Fiber Rich Foods

12 Fiber-Rich Foods to Help with Good Gut Bacteria

New research shows that certain types of fiber are better for improving your gut health. Find out which foods you should add to your diet. ( more on this topic in August).

Worked out at the gym? Check. Walked the dog? Check. Fed your microbiome today? Hmmm …

You may not realize it, but growing research shows that keeping your gut bacteria—aka your microbiome—in balance plays a key role in your overall health. Recent studies suggest those trillions of tiny microorganisms living in your intestines may help keep off extra weight, boost immunity, protect your joints and even help prevent life-threatening conditions like heart disease and cancer.

You’ll do yourself a favor by shopping around the walls of your grocer. That means shop in the fresh produce department, meat, fish, and dairy departments.  Stay away from the middle aisles (except if you need paper towels, etc.) where the chips, sodas, candy and sugary foods are found.

So, how do you keep those little critters happy? A smart diet usually does the trick, no supplements required. Here’s a crash course on the foods you need.

Probiotics

Think of probiotics as the “good guys,” beneficial microorganisms that help fight microscopic bugs (the “bad guys”) that cause inflammation and other problems. You can find probiotics in fermented foods like sauerkraut, kimchi, miso, pickles and Greek style yogurt. Some brands of yogurt that are not Greek style have lots of sugar, so avoid those.

Prebiotics help keep your gut healthy by feeding your good gut bacteria what they need to thrive. Gut bacteria love to feast on fiber, especially two kinds:

Fructans are high-fiber natural carbs found in onions, garlic, wheat and other plant foods. Fructan fibers are more likely to survive longer in your GI tract, and that’s good for a healthy gut. Just one catch: heat breaks down fiber, so cook fructan-rich foods as little as possible to get the most benefit.

 

Cellulose is the insoluble fiber your body can’t digest. It’s found in broccoli stems, carrot peels, asparagus stalks-basically the tough, chewy parts of fruits and veggies we often toss. Finding ways to incorporate more whole fruits and vegetables into your meals-peels, stems and all-will help keep your gut healthy.

Most of us get only about half the total daily fiber we need, and even less of the super-beneficial fructans. But there’s good news: upping your fiber intake can improve your gut bacteria fast-sometimes in as little as five days, according to a study in the journal Nature.

The 10 foods below—all good-to-excellent sources of fructan—can get you off to a great start. Just remember to take it slow. Adding more fiber gradually will help you avoid gas and bloating. Some people have fructan intolerance, so check with your doctor first if you have concerns.

  1. Jerusalem Artichokes

Amount of fructan: 47 grams in 1 cup, (regular artichokes clock in with 6 grams per ‘choke).
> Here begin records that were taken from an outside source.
theorem diameter_le_1_subset_three_cballs:
  fixes P :: "(real^2) set"
  assumes "\<And>x y. x \<in> P \<Longrightarrow> y \<in> P \<Longrightarrow> dist x y \<le> 1"
  shows "\<exists>c1 c2 c3. P \<subseteq> cball c1 (sqrt 3 / 4) \<union> cball c2 (sqrt 3 / 4) \<union> cball c3 (sqrt 3 / 4)"
proof -
  have width: "hex1 y - hex1 z \<le> 1" "hex2 y - hex2 z \<le> 1" "hex3 y - hex3 z \<le> 1"
    if "y \<in> P" "z \<in> P" for y z
    using abs_hex_diff_le_dist[of y z] assms[OF that] by linarith+
  have "P \<subseteq> hexagon (Inf (hex1 ` P)) (Inf (hex2 ` P)) (Inf (hex3 ` P))"
    using Inf_image_strip_bounds[of _ P, OF _ width(1)] Inf_image_strip_bounds[of _ P, OF _ width(2)]
      Inf_image_strip_bounds[of _ P, OF _ width(3)]
    by (auto simp: hexagon_def)
  then show ?thesis using hexagon_subset_three_cballs by (meson subset_trans)
qed

lemma card_le_three_times_card_Int:
  assumes "finite P" "P \<subseteq> A \<union> B \<union> C"
  shows "\<exists>X\<in>{A, B, C}. card P \<le> 3 * card (P \<inter> X)"
proof -
  have "P = (P \<inter> A) \<union> (P \<inter> B) \<union> (P \<inter> C)" using assms(2) by blast
  then have "card P \<le> card ((P \<inter> A) \<union> (P \<inter> B)) + card (P \<inter> C)"
    by (metis card_Un_le)
  also have "\<dots> \<le> card (P \<inter> A) + card (P \<inter> B) + card (P \<inter> C)"
    using card_Un_le[of "P \<inter> A" "P \<inter> B"] by simp
  finally have "card P \<le> 3 * card (P \<inter> A) \<or> card P \<le> 3 * card (P \<inter> B) \<or> card P \<le> 3 * card (P \<inter> C)"
    by linarith
  then show ?thesis by blast
qed

lemma exists_cball_containing_third:
  assumes "P \<in> point_family n" "sqrt 3 / 4 \<le> r"
  shows "\<exists>c. nat \<lceil>real n / 3\<rceil> \<le> card (P \<inter> cball c r)"
proof -
  have P: "finite P" "card P = n" "\<And>x y. x \<in> P \<Longrightarrow> y \<in> P \<Longrightarrow> dist x y \<le> 1"
    using assms(1) by (auto simp: point_family_def)
  obtain c1 c2 c3 where "P \<subseteq> cball c1 (sqrt 3 / 4) \<union> cball c2 (sqrt 3 / 4) \<union> cball c3 (sqrt 3 / 4)"
    using diameter_le_1_subset_three_cballs[OF P(3)] by blast
  moreover have "cball c (sqrt 3 / 4) \<subseteq> cball c r" for c :: "real^2"
    using assms(2) by (rule subset_cball)
  ultimately have "P \<subseteq> cball c1 r \<union> cball c2 r \<union> cball c3 r" by blast
  then obtain c where "n \<le> 3 * card (P \<inter> cball c r)"
    using card_le_three_times_card_Int[OF P(1)] P(2) by blast
  then have "real n / 3 \<le> real (card (P \<inter> cball c r))" by simp
  then show ?thesis by (auto simp: nat_le_iff ceiling_le_iff)
qed

(* The vertices of an equilateral triangle of side 1 centred at the origin. *)
definition triangle_vertex :: "nat \<Rightarrow> real^2" where
  "triangle_vertex k =
    (if k = 0 then vector [0, 1 / sqrt 3]
     else if k = 1 then vector [- 1/2, - 1 / (2 * sqrt 3)]
     else vector [1/2, - 1 / (2 * sqrt 3)])"

lemma triangle_vertex_nonzero: "triangle_vertex k \<noteq> 0"
proof -
  have "triangle_vertex k $ 2 \<noteq> 0" by (simp add: triangle_vertex_def)
  then show ?thesis by auto
qed

lemma dist_scaled_triangle_vertices_sq:
  assumes "k < 3" "l < 3"
  shows "(dist (a *\<^sub>R triangle_vertex k) (b *\<^sub>R triangle_vertex l))\<^sup>2
    = (if k = l then (a - b)\<^sup>2 / 3 else (a\<^sup>2 + a * b + b\<^sup>2) / 3)"
proof -
  have k: "k = 0 \<or> k = 1 \<or> k = 2" and l: "l = 0 \<or> l = 1 \<or> l = 2" using assms by auto
  have "sqrt 3 * sqrt 3 = (3::real)" by simp
  then show ?thesis
    using k l unfolding dist_vec2_sq by (auto simp: triangle_vertex_def power2_eq_square field_simps)
qed

lemma dist_scaled_triangle_vertices_le_1:
  assumes "k < 3" "l < 3" "0 \<le> a" "a \<le> 1" "0 \<le> b" "b \<le> 1"
  shows "dist (a *\<^sub>R triangle_vertex k) (b *\<^sub>R triangle_vertex l) \<le> 1"
proof (rule power2_le_imp_le)
  have "(a - b)\<^sup>2 \<le> 1" "a\<^sup>2 \<le> 1" "b\<^sup>2 \<le> 1" "a * b \<le> 1"
    using assms by (auto simp: abs_square_le_1 power_le_one mult_le_one)
  then show "(dist (a *\<^sub>R triangle_vertex k) (b *\<^sub>R triangle_vertex l))\<^sup>2 \<le> 1\<^sup>2"
    using assms by (simp add: dist_scaled_triangle_vertices_sq)
qed simp

lemma dist_scaled_triangle_vertices_gt:
  assumes "k < 3" "l < 3" "k \<noteq> l" "0 \<le> s" "s < a" "s < b"
  shows "s < dist (a *\<^sub>R triangle_vertex k) (b *\<^sub>R triangle_vertex l)"
proof (rule power2_less_imp_less)
  have "s\<^sup>2 < a\<^sup>2" "s\<^sup>2 < b\<^sup>2" "s\<^sup>2 < a * b"
    using assms by (auto simp: power2_eq_square intro: mult_strict_mono)
  then show "s\<^sup>2 < (dist (a *\<^sub>R triangle_vertex k) (b *\<^sub>R triangle_vertex l))\<^sup>2"
    using assms by (simp add: dist_scaled_triangle_vertices_sq)
qed simp
text \<open>If \<open>(n m)\<^sup>2 \<le> A n(2m)\<close> and \<open>n m = O(\<gamma>\<^sup>m)\<close>, then \<open>n 1 \<le> A \<gamma>\<close>: otherwise the bound along
  \<open>m = 2\<^sup>k\<close> would force \<open>(n 1 / (A \<gamma>))\<^sup>2\<^sup>k\<close> to stay below the constant \<open>D / A\<close>.\<close>

lemma le_of_squaring_and_exponential_bound:
  fixes n :: "nat \<Rightarrow> real"
  assumes "A \<ge> 0" "\<gamma> \<ge> 0" "D \<ge> 0" and nonneg: "\<And>m. n m \<ge> 0"
    and squaring: "\<And>m. (n m)\<^sup>2 \<le> A * n (2 * m)" and growth: "\<And>m. n m \<le> D * \<gamma> ^ m"
  shows "n 1 \<le> A * \<gamma>"
proof (rule ccontr)
  assume contra: "\<not> n 1 \<le> A * \<gamma>"
  have bound: "n 1 ^ 2 ^ k \<le> A ^ (2 ^ k - 1) * (D * \<gamma> ^ 2 ^ k)" for k
    using power_two_power_le_of_squaring[of A n k, OF \<open>A \<ge> 0\<close> nonneg squaring]
      growth[of "2 ^ k"] \<open>A \<ge> 0\<close>
    by (meson mult_left_mono order_trans zero_le_power)
  show False
  proof (cases "A = 0 \<or> \<gamma> = 0")
    case True
    then have "(n 1)\<^sup>2 \<le> 0" using bound[of 1] by auto
    then have "n 1 = 0" using nonneg[of 1] by (simp add: power2_eq_square mult_le_0_iff)
    then show False using contra True by auto
  next
    case False
    then have "A > 0" "\<gamma> > 0" using \<open>A \<ge> 0\<close> \<open>\<gamma> \<ge> 0\<close> by auto
    define x where "x = n 1 / (A * \<gamma>)"
    have "x > 1" using contra \<open>A > 0\<close> \<open>\<gamma> > 0\<close> by (simp add: x_def)
    obtain k where k: "D / A < x ^ k" using real_arch_pow[OF \<open>x > 1\<close>] by blast
    have "k \<le> 2 ^ k" by (simp add: less_imp_le less_exp)
    then have "x ^ k \<le> x ^ 2 ^ k" using \<open>x > 1\<close> by (intro power_increasing) auto
    also have "\<dots> = n 1 ^ 2 ^ k / (A * \<gamma>) ^ 2 ^ k" by (simp add: x_def power_divide)
    also have "\<dots> \<le> A ^ (2 ^ k - 1) * (D * \<gamma> ^ 2 ^ k) / (A * \<gamma>) ^ 2 ^ k"
      using bound[of k] \<open>A > 0\<close> \<open>\<gamma> > 0\<close> by (simp add: divide_right_mono)
    also have "\<dots> = D / A"
    proof -
      have "A ^ 2 ^ k = A * A ^ (2 ^ k - 1)"
        by (simp flip: power_Suc)
      then show ?thesis using \<open>A > 0\<close> \<open>\<gamma> > 0\<close> by (simp add: power_mult_distrib field_simps)
    qed
    finally show False using k by simp
  qed
qed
Try this: Toss raw shaved Jerusalem artichokes into salads or slaws.

  1. Leeks

Amount of fructan: 10 grams in one leek

Try this: Rub whole leeks with oil and grill briefly; toss with your favorite vinaigrette.

  1. Onions

Amount of fructan: 9 grams per cup

Try this: Whip up a fresh fruit salsa with chopped onions, mango, lime juice and cilantro.

  1. Raspberries

Amount of fructan: 6 grams per cup

Try this: Top your morning cereal or yogurt with a handful of fresh raspberries or whir them into a smoothie.

  1. Beans

Amount of fructan: 6 grams per cup of cooked beans

Try this: Load up a baked sweet potato with canned black beans, chopped avocado and melted cheese.

  1. Asparagus

Amount of fructan: 5 grams per 5 spears

Try this: Use a vegetable peeler to shave raw asparagus spears over a green salad.

  1. Garlic

Amount of fructan: 3 grams in 6 cloves

Try this: Quickly stir-fry celery with ginger, garlic, soy sauce and peanuts.

  1. Bananas

Amount of fructan: 1 gram per medium banana

Try this: Drizzle melted chocolate over banana slices and freeze. Or pair bananas with peanut butter for a classic snack.

  1. Pears

Amount of fructan: 1 gram per pear

Try this: Add a dash of cinnamon to fresh pear slices for a tasty snack.

  1. Watermelon

Amount of fructan: 1 gram per cup

Try this: Sprinkle wedges of watermelon with lime zest and flaky salt.